(Provided records):
• • • •

lemma dirichlet_conv_prime_power:
  assumes "prime p"
  shows "dirichlet_conv f h (p ^ j) = (\<Sum>i\<le>j. f (p ^ i) * h (p ^ (j - i)))"
proof -
  have p1: "p > 1"
    using assms prime_gt_1_nat by blast
  have "{d. d dvd p ^ j} = (\<lambda>i. p ^ i) ` {..j}"
    using divides_primepow_nat[OF assms] by auto
  moreover have "inj_on (\<lambda>i. p ^ i) {..j}"
    using p1 by (auto simp: inj_on_def power_inject_exp)
  ultimately have "dirichlet_conv f h (p ^ j) = (\<Sum>i\<le>j. f (p ^ i) * h (p ^ j div p ^ i))"
    unfolding dirichlet_conv_def by (simp add: sum.reindex)
  also have "\<dots> = (\<Sum>i\<le>j. f (p ^ i) * h (p ^ (j - i)))"
    using p1 by (intro sum.cong refl) (simp add: power_diff)
  finally show ?thesis .
qed

lemma sum_prime_power_diff_le_Dterm:
  assumes p: "prime p" and "\<beta> \<le> \<sigma>" and "j \<le> k"
  shows "(\<Sum>i=1..j. norm (g (p ^ i) - f (p ^ i)) / (real p powr \<sigma>) ^ i) \<le> Dterm \<beta> k f g p"
proof -
  have p1: "real p \<ge> 1"
    using prime_ge_1_nat[OF p] by simp
  have "(\<Sum>i=1..j. norm (g (p ^ i) - f (p ^ i)) / (real p powr \<sigma>) ^ i)
      \<le> (\<Sum>i=1..k. norm (g (p ^ i) - f (p ^ i)) / (real p powr \<sigma>) ^ i)"
    using \<open>j \<le> k\<close> by (intro sum_mono2) auto
  also have "\<dots> \<le> (\<Sum>i=1..k. norm (f (p ^ i) - g (p ^ i)) / real p powr (real i * \<beta>))"
  proof (rule sum_mono)
    fix i
    have "real p powr (real i * \<beta>) \<le> (real p powr \<sigma>) ^ i"
      using p1 \<open>\<beta> \<le> \<sigma>\<close> powr_power[of "real p" \<sigma> i]
      by (auto intro!: powr_mono mult_left_mono)
    then show "norm (g (p ^ i) - f (p ^ i)) / (real p powr \<sigma>) ^ i
        \<le> norm (f (p ^ i) - g (p ^ i)) / real p powr (real i * \<beta>)"
      using p1 by (simp add: norm_minus_commute frac_le)
  qed
  also have "\<dots> = Dterm \<beta> k f g p"
    unfolding Dterm_def using p by simp
  finally show ?thesis .
qed
lemma vn_entropy_reduced_density_le:
  fixes f :: "'x::finite \<times> 'y::finite \<Rightarrow> complex"
  assumes "trace (reduced_density f) = 1"
  shows "vn_entropy (reduced_density f) \<le> ln (card (range (($) (reduced_density f)) - {0}))"
proof -
  define \<rho> where "\<rho> = reduced_density f"
  define es where "es = eigenvalue_list \<rho>"
  define xs where "xs = map Re es"
  have "\<forall>x\<in>set xs. x \<ge> 0"
    using det_mat_eigenvalue_list reduced_density_eigenvalue_nonneg by (auto simp: xs_def es_def \<rho>_def)
  moreover have "sum_list xs = 1"
  proof -
    have "sum_list (map Re zs) = Re (sum_list zs)" for zs :: "complex list"
      by (induction zs) auto
    then show ?thesis
      using assms by (simp add: xs_def es_def \<rho>_def sum_list_eigenvalue_list)
  qed
  ultimately have "- (\<Sum>x\<leftarrow>xs. x * ln x) \<le> ln (length (filter (\<lambda>x. x \<noteq> 0) xs))"
    by (rule entropy_le_ln_card_support)
  moreover have "vn_entropy \<rho> = - (\<Sum>x\<leftarrow>xs. x * ln x)"
    by (simp add: vn_entropy_def es_def xs_def o_def)
  moreover have "length (filter (\<lambda>x. x \<noteq> 0) xs) \<le> length (filter (\<lambda>e. e \<noteq> 0) es)"
  proof -
    have "filter (\<lambda>x. x \<noteq> 0) xs = map Re (filter (\<lambda>e. Re e \<noteq> 0) (filter (\<lambda>e. e \<noteq> 0) es))"
      by (simp add: xs_def filter_map filter_filter o_def conj_commute) (metis zero_complex.simps(1))
    then show ?thesis
      by (metis length_filter_le length_map)
  qed
  moreover have "length (filter (\<lambda>e. e \<noteq> 0) es) \<le> card (range (($) \<rho>) - {0})"
    unfolding es_def by (rule length_nonzero_eigenvalue_list_le)
  ultimately show ?thesis
    unfolding \<rho>_def[symmetric] by (metis ln_of_nat_mono order.trans)
qed

lemma card_image_le_card_image_factor:
  assumes "finite A" and "\<And>x y. x \<in> A \<Longrightarrow> y \<in> A \<Longrightarrow> g x = g y \<Longrightarrow> f x = f y"
  shows "card (f ` A) \<le> card (g ` A)"
proof -
  have "f x = f (inv_into A g (g x))" if "x \<in> A" for x
    using that by (metis assms(2) inv_into_into f_inv_into_f image_eqI)
  then have "f ` A = (\<lambda>z. f (inv_into A g z)) ` g ` A"
    by (simp add: image_image cong: image_cong)
  then show ?thesis
    using assms(1) by (metis card_image_le finite_imageI)
qed

definition normalized_indicator :: "('x \<times> 'y) set \<Rightarrow> 'x \<times> 'y \<Rightarrow> complex" where
  "normalized_indicator S s = (if s \<in> S then 1 else 0) / complex_of_real (sqrt (real (card S)))"

lemma reduced_density_normalized_indicator:
  fixes S :: "('x::finite \<times> 'y::finite) set"
  shows "reduced_density (normalized_indicator S) $ x $ x'
       = of_nat (card {y. (x, y) \<in> S \<and> (x', y) \<in> S}) / of_nat (card S)"
proof -
  have "of_real (sqrt (card S)) * of_real (sqrt (card S)) = (of_nat (card S) :: complex)"
    by (metis of_real_mult of_real_of_nat_eq real_sqrt_mult_self abs_of_nat)
  then have "cnj (normalized_indicator S (x, y)) * normalized_indicator S (x', y)
      = (if (x, y) \<in> S \<and> (x', y) \<in> S then 1 / of_nat (card S) else 0)" for y
    by (auto simp: normalized_indicator_def field_simps)
  then show ?thesis
    by (simp add: reduced_density_def sum.If_cases)
qed

lemma trace_reduced_density_normalized_indicator:
  fixes S :: "('x::finite \<times> 'y::finite) set"
  assumes "S \<noteq> {}"
  shows "trace (reduced_density (normalized_indicator S)) = 1"
proof -
  have "S = (SIGMA x:UNIV. {y. (x, y) \<in> S})"
    by auto
  then have "card S = (\<Sum>x\<in>UNIV. card {y. (x, y) \<in> S})"
    by (metis card_SigmaI finite)
  moreover have "card S \<noteq> 0"
    using assms by simp
  ultimately show ?thesis
    by (simp add: trace_def reduced_density_normalized_indicator flip: sum_divide_distrib of_nat_sum)
qed

lemma card_nonzero_rows_reduced_density_normalized_indicator_le:
  fixes S :: "(('a::finite \<Rightarrow> bool) \<times> 'y::finite) set" and R :: "'a set"
  assumes region: "\<And>a b a'. (\<exists>y. (a, y) \<in> S) \<Longrightarrow> (\<exists>y. (b, y) \<in> S) \<Longrightarrow> (\<exists>y. (a', y) \<in> S) \<Longrightarrow>
      (\<forall>p\<in>R. a p = b p) \<Longrightarrow> card {y. (a, y) \<in> S \<and> (a', y) \<in> S} = card {y. (b, y) \<in> S \<and> (a', y) \<in> S}"
  shows "card (range (($) (reduced_density (normalized_indicator S))) - {0}) \<le> 2 ^ card R"
proof -
  define \<rho> where "\<rho> = reduced_density (normalized_indicator S)"
  define E where "E = {a. \<exists>y. (a, y) \<in> S}"
  have "\<rho>$a = 0" if "a \<notin> E" for a
    using that by (simp add: vec_eq_iff \<rho>_def E_def reduced_density_normalized_indicator)
  then have "range (($) \<rho>) - {0} \<subseteq> ($) \<rho> ` E"
    by auto
  then have "card (range (($) \<rho>) - {0}) \<le> card (($) \<rho> ` E)"
    by (simp add: card_mono)
  also have "\<dots> \<le> card ((\<lambda>a. {p\<in>R. a p}) ` E)"
  proof (rule card_image_le_card_image_factor)
    fix a b
    assume "a \<in> E" "b \<in> E" "{p\<in>R. a p} = {p\<in>R. b p}"
    then have "card {y. (a, y) \<in> S \<and> (a', y) \<in> S} = card {y. (b, y) \<in> S \<and> (a', y) \<in> S}" for a'
      using region[of a b a'] by (cases "a' \<in> E") (auto simp: E_def)
    then show "\<rho>$a = \<rho>$b"
      by (simp add: vec_eq_iff \<rho>_def reduced_density_normalized_indicator)
  qed simp
  also have "\<dots> \<le> card (Pow R)"
    by (rule card_mono) auto
  finally show ?thesis
    by (simp add: \<rho>_def card_Pow)
qed
lemma abs_dg_weighted_advantage_le:
  assumes rewards: "\<forall>a\<in>{1..K}. 0 \<le> r a \<and> r a \<le> 1" and j: "j \<in> {1..K}"
  shows "\<bar>dg_weighted_advantage K r \<eta> \<theta> j\<bar> \<le> 1 - softmax K \<theta> j"
proof -
  have "0 < dg_gate K r \<eta> \<theta> j" "dg_gate K r \<eta> \<theta> j \<le> 1"
    unfolding dg_gate_def by (simp_all add: sigmoid_pos sigmoid_le_one)
  moreover have "0 < softmax K \<theta> j" using j by (simp add: softmax_pos)
  ultimately have
    "\<bar>dg_weighted_advantage K r \<eta> \<theta> j\<bar> \<le> softmax K \<theta> j * \<bar>advantage K r \<theta> j\<bar>"
    unfolding dg_weighted_advantage_def by (simp add: abs_mult mult_left_le_one_le)
  also have "\<dots> \<le> 1 * (1 - softmax K \<theta> j)"
    using softmax_le_one[OF j] abs_advantage_le[OF rewards j] by (intro mult_mono) simp_all
  finally show ?thesis by simp
qed

lemma dg_weighted_advantage_ge_of_reward_gap:
  assumes rewards: "\<forall>a\<in>{1..K}. 0 \<le> r a \<and> r a \<le> 1"
    and b: "b \<in> {1..K}" and j: "j \<in> {1..K}" and \<eta>: "0 < \<eta>"
    and gap: "4 * (1 - softmax K \<theta> j) \<le> r b - r j"
  shows "3/8 * (r b - r j) * softmax K \<theta> b \<le> dg_weighted_advantage K r \<eta> \<theta> b"
proof -
  have "\<bar>advantage K r \<theta> j\<bar> \<le> 1 - softmax K \<theta> j" using rewards j by (rule abs_advantage_le)
  moreover have "0 \<le> 1 - softmax K \<theta> j" using softmax_le_one[OF j] by simp
  ultimately have adv: "3/4 * (r b - r j) \<le> advantage K r \<theta> b" "0 \<le> advantage K r \<theta> b"
    using advantage_diff[of K r \<theta> b j] gap by (auto simp: abs_le_iff)
  have p: "0 < softmax K \<theta> b" using b by (simp add: softmax_pos)
  have "3/8 * (r b - r j) * softmax K \<theta> b \<le> 1/2 * (softmax K \<theta> b * advantage K r \<theta> b)"
    using mult_left_mono[OF adv(1) less_imp_le[OF p]] by simp
  also have "\<dots> \<le> dg_gate K r \<eta> \<theta> b * (softmax K \<theta> b * advantage K r \<theta> b)"
    using dg_gate_ge_half[OF \<eta> b adv(2)] p adv(2) by (intro mult_right_mono) simp_all
  finally show ?thesis unfolding dg_weighted_advantage_def by (simp add: mult.assoc)
qed

lemma dg_weighted_advantage_ge_separated:
  assumes rewards: "\<forall>a\<in>{1..K}. 0 \<le> r a \<and> r a \<le> 1"
    and a: "a \<in> {1..K}" and j: "j \<in> {1..K}" and aj: "a \<noteq> j"
    and gap: "\<delta> \<le> \<bar>r a - r j\<bar>" and \<eta>: "0 < \<eta>"
    and small: "1 - softmax K \<theta> j < \<delta> / 2"
  shows "- ((1 - softmax K \<theta> j) powr (\<delta> / (2 * \<eta>))) * softmax K \<theta> a
           \<le> dg_weighted_advantage K r \<eta> \<theta> a"
proof (cases "0 \<le> advantage K r \<theta> a")
  case True
  have "0 < dg_gate K r \<eta> \<theta> a" "0 < softmax K \<theta> a"
    using a by (simp_all add: dg_gate_def sigmoid_pos softmax_pos)
  with True have "0 \<le> dg_weighted_advantage K r \<eta> \<theta> a"
    unfolding dg_weighted_advantage_def by simp
  moreover have "0 \<le> (1 - softmax K \<theta> j) powr (\<delta> / (2 * \<eta>)) * softmax K \<theta> a"
    using \<open>0 < softmax K \<theta> a\<close> by simp
  ultimately show ?thesis by linarith
next
  case False
  let ?\<epsilon> = "1 - softmax K \<theta> j"
  have "advantage K r \<theta> a = r a - r j + advantage K r \<theta> j"
    using advantage_diff[of K r \<theta> a j] by simp
  moreover have "\<bar>advantage K r \<theta> j\<bar> \<le> ?\<epsilon>" using rewards j by (rule abs_advantage_le)
  \<comment> \<open>a negative advantage forces r a < r j, hence r a \<le> r j - \<delta>\<close>
  ultimately have adv: "advantage K r \<theta> a \<le> - (\<delta> / 2)"
    using False gap small by (auto simp: abs_if split: if_splits)
  have p_le: "softmax K \<theta> a \<le> ?\<epsilon>" using a j aj by (rule softmax_le_one_minus)
  have p_pos: "0 < softmax K \<theta> a" using a by (simp add: softmax_pos)
  have gate: "dg_gate K r \<eta> \<theta> a \<le> ?\<epsilon> powr (\<delta> / (2 * \<eta>))"
    using dg_gate_le_powr[OF \<eta> a _ adv p_le] p_le p_pos small by simp
  have "0 < dg_gate K r \<eta> \<theta> a" by (simp add: dg_gate_def sigmoid_pos)
  then have "dg_gate K r \<eta> \<theta> a * softmax K \<theta> a * (-1) \<le> dg_weighted_advantage K r \<eta> \<theta> a"
    unfolding dg_weighted_advantage_def using advantage_ge_minus_one[OF rewards a] p_pos
    by (intro mult_left_mono) simp_all
  moreover have "dg_gate K r \<eta> \<theta> a * softmax K \<theta> a \<le> ?\<epsilon> powr (\<delta> / (2 * \<eta>)) * softmax K \<theta> a"
    using gate p_pos by simp
  ultimately show ?thesis by simp
qed

lemma sum_dg_weighted_advantage_ge_separated:
  assumes rewards: "\<forall>a\<in>{1..K}. 0 \<le> r a \<and> r a \<le> 1" and j: "j \<in> {1..K}"
    and gap: "\<forall>a\<in>{1..K} - {j}. \<delta> \<le> \<bar>r a - r j\<bar>" and \<eta>: "0 < \<eta>"
    and small: "1 - softmax K \<theta> j < \<delta> / 2"
    and A: "A \<subseteq> {1..K} - {j}"
  shows "- ((1 - softmax K \<theta> j) powr (\<delta> / (2 * \<eta>))) * (1 - softmax K \<theta> j)
           \<le> (\<Sum>a\<in>A. dg_weighted_advantage K r \<eta> \<theta> a)"
proof -
  let ?c = "(1 - softmax K \<theta> j) powr (\<delta> / (2 * \<eta>))"
  have "(\<Sum>a\<in>A. softmax K \<theta> a) \<le> (\<Sum>a\<in>{1..K} - {j}. softmax K \<theta> a)"
    using A j by (intro sum_mono2) (auto simp: less_imp_le softmax_pos)
  then have "(\<Sum>a\<in>A. softmax K \<theta> a) \<le> 1 - softmax K \<theta> j"
    using sum_softmax_remove[OF j, of \<theta>] by simp
  then have "- ?c * (1 - softmax K \<theta> j) \<le> - ?c * (\<Sum>a\<in>A. softmax K \<theta> a)"
    by (simp add: mult_left_mono)
  also have "\<dots> = (\<Sum>a\<in>A. - ?c * softmax K \<theta> a)" by (simp add: sum_distrib_left)
  also have "\<dots> \<le> (\<Sum>a\<in>A. dg_weighted_advantage K r \<eta> \<theta> a)"
    using A gap by (intro sum_mono dg_weighted_advantage_ge_separated[OF rewards _ j _ _ \<eta> small]) auto
  finally show ?thesis .
qed

lemma dg_flow_gap_ge:
  fixes r \<theta> :: "nat \<Rightarrow> real" and K j :: nat and \<eta> \<delta> :: real
  defines "\<Delta> \<equiv> r 1 - r j" and "\<epsilon> \<equiv> 1 - softmax K \<theta> j"
  assumes rewards: "\<forall>a\<in>{1..K}. 0 \<le> r a \<and> r a \<le> 1" and j: "j \<in> {2..K}"
    and gap: "\<forall>a\<in>{1..K} - {j}. \<delta> \<le> \<bar>r a - r j\<bar>" and \<eta>: "0 < \<eta>"
    and \<epsilon>_pos: "0 < \<epsilon>" and \<epsilon>_le: "\<epsilon> \<le> \<Delta> / (16 * real K)" and \<epsilon>_gap: "\<epsilon> < \<delta> / 2"
    and gate_small: "\<epsilon> powr (\<delta> / (2 * \<eta>)) \<le> \<Delta> / (8 * real K)"
    and p1: "\<epsilon> / real K \<le> softmax K \<theta> 1"
  shows "\<Delta> / (8 * real K) * \<epsilon> \<le> dg_flow K r \<eta> \<theta> 1 - dg_flow K r \<eta> \<theta> j"
proof -
  define p W where "p = softmax K \<theta>" and "W = dg_weighted_advantage K r \<eta> \<theta>"
  define B where "B = \<Delta> / (8 * real K) * \<epsilon>"
  have K: "1 \<le> real K" and one: "1 \<in> {1..K}" and jI: "j \<in> {1..K}" "1 \<noteq> j" using j by auto
  have "0 < \<Delta> / (16 * real K)" using \<epsilon>_pos \<epsilon>_le by linarith
  then have \<Delta>_pos: "0 < \<Delta>" using K by (simp add: zero_less_divide_iff)
  then have B_nonneg: "0 \<le> B" using \<epsilon>_pos unfolding B_def by simp
  have "r 1 \<le> 1" "0 \<le> r j" using rewards one jI(1) by auto
  then have "\<Delta> \<le> 1" unfolding \<Delta>_def by simp
  have "\<Delta> / (16 * real K) \<le> \<Delta> / 4" using \<Delta>_pos K by (intro divide_left_mono) auto
  then have \<epsilon>_small: "4 * \<epsilon> \<le> \<Delta>" "\<epsilon> \<le> 1 / 2" using \<epsilon>_le \<open>\<Delta> \<le> 1\<close> by linarith+
  have p1_le: "p 1 \<le> \<epsilon>" unfolding p_def \<epsilon>_def using one jI by (rule softmax_le_one_minus)
  have p_diff: "0 \<le> p j - p 1" "p j - p 1 \<le> 1"
    using p1_le \<epsilon>_small softmax_pos[of K \<theta> 1] softmax_le_one[OF jI(1), of \<theta>] j
    unfolding \<epsilon>_def p_def by auto
  have best_term: "3 * B \<le> W 1 * (1 + p j - p 1)"
  proof -
    have "3 * B \<le> 3/8 * \<Delta> * p 1"
      using mult_left_mono[OF p1, of "3/8 * \<Delta>"] \<Delta>_pos unfolding B_def p_def by simp
    also have "\<dots> \<le> W 1"
      using dg_weighted_advantage_ge_of_reward_gap[OF rewards one jI(1) \<eta>] \<epsilon>_small
      unfolding W_def p_def \<Delta>_def \<epsilon>_def by simp
    finally have "3 * B \<le> W 1" .
    moreover have "W 1 \<le> W 1 * (1 + p j - p 1)"
      using calculation B_nonneg p_diff mult_left_mono[of 1 "1 + p j - p 1" "W 1"] by simp
    ultimately show ?thesis by linarith
  qed
  have j_term: "W j * (1 - p j + p 1) \<le> B"
  proof -
    have "\<bar>W j * (1 - p j + p 1)\<bar> \<le> \<epsilon> * (2 * \<epsilon>)"
      unfolding abs_mult W_def using abs_dg_weighted_advantage_le[OF rewards jI(1)] p1_le p_diff
      unfolding \<epsilon>_def p_def by (intro mult_mono) auto
    also have "\<dots> \<le> B" using \<epsilon>_le \<epsilon>_pos K unfolding B_def by (simp add: field_simps)
    finally show ?thesis by simp
  qed
  have rest_term: "- B \<le> (p j - p 1) * (\<Sum>c\<in>{1..K} - {1, j}. W c)"
  proof -
    have "- (\<epsilon> powr (\<delta> / (2 * \<eta>))) * \<epsilon> \<le> (\<Sum>c\<in>{1..K} - {1, j}. W c)"
      using \<epsilon>_gap unfolding W_def \<epsilon>_def
      by (intro sum_dg_weighted_advantage_ge_separated[OF rewards jI(1) gap \<eta>]) auto
    moreover have "\<epsilon> powr (\<delta> / (2 * \<eta>)) * \<epsilon> \<le> B"
      unfolding B_def using \<epsilon>_pos by (intro mult_right_mono[OF gate_small]) simp
    ultimately have "(p j - p 1) * - B \<le> (p j - p 1) * (\<Sum>c\<in>{1..K} - {1, j}. W c)"
      using p_diff(1) by (intro mult_left_mono) auto
    moreover have "- B \<le> (p j - p 1) * - B" using p_diff B_nonneg by (simp add: mult_left_le_one_le)
    ultimately show ?thesis by linarith
  qed
  have "dg_flow K r \<eta> \<theta> 1 - dg_flow K r \<eta> \<theta> j
          = W 1 * (1 + p j - p 1) - W j * (1 - p j + p 1) + (p j - p 1) * (\<Sum>c\<in>{1..K} - {1, j}. W c)"
    unfolding W_def p_def by (rule dg_flow_diff_eq[OF one jI])
  with best_term j_term rest_term show ?thesis unfolding B_def by linarith
qed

• • • •

(Action item): Go through the listing above and copy each line where the string "beta" appears.

(Answer area):
  assumes p: "prime p" and "\<beta> \<le> \<sigma>" and "j \<le> k"
  shows "(\<Sum>i=1..j. norm (g (p ^ i) - f (p ^ i)) / (real p powr \<sigma>) ^ i) \<le> Dterm \<beta> k f g p"
  also have "\<dots> \<le> (\<Sum>i=1..k. norm (f (p ^ i) - g (p ^ i)) / real p powr (real i * \<beta>))"
    have "real p powr (real i * \<beta>) \<le> (real p powr \<sigma>) ^ i"
      using p1 \<open>\<beta> \<le> \<sigma>\<close> powr_power[of "real p" \<sigma> i]
        \<le> norm (f (p ^ i) - g (p ^ i)) / real p powr (real i * \<beta>)"
  also have "\<dots> = Dterm \<beta> k f g p"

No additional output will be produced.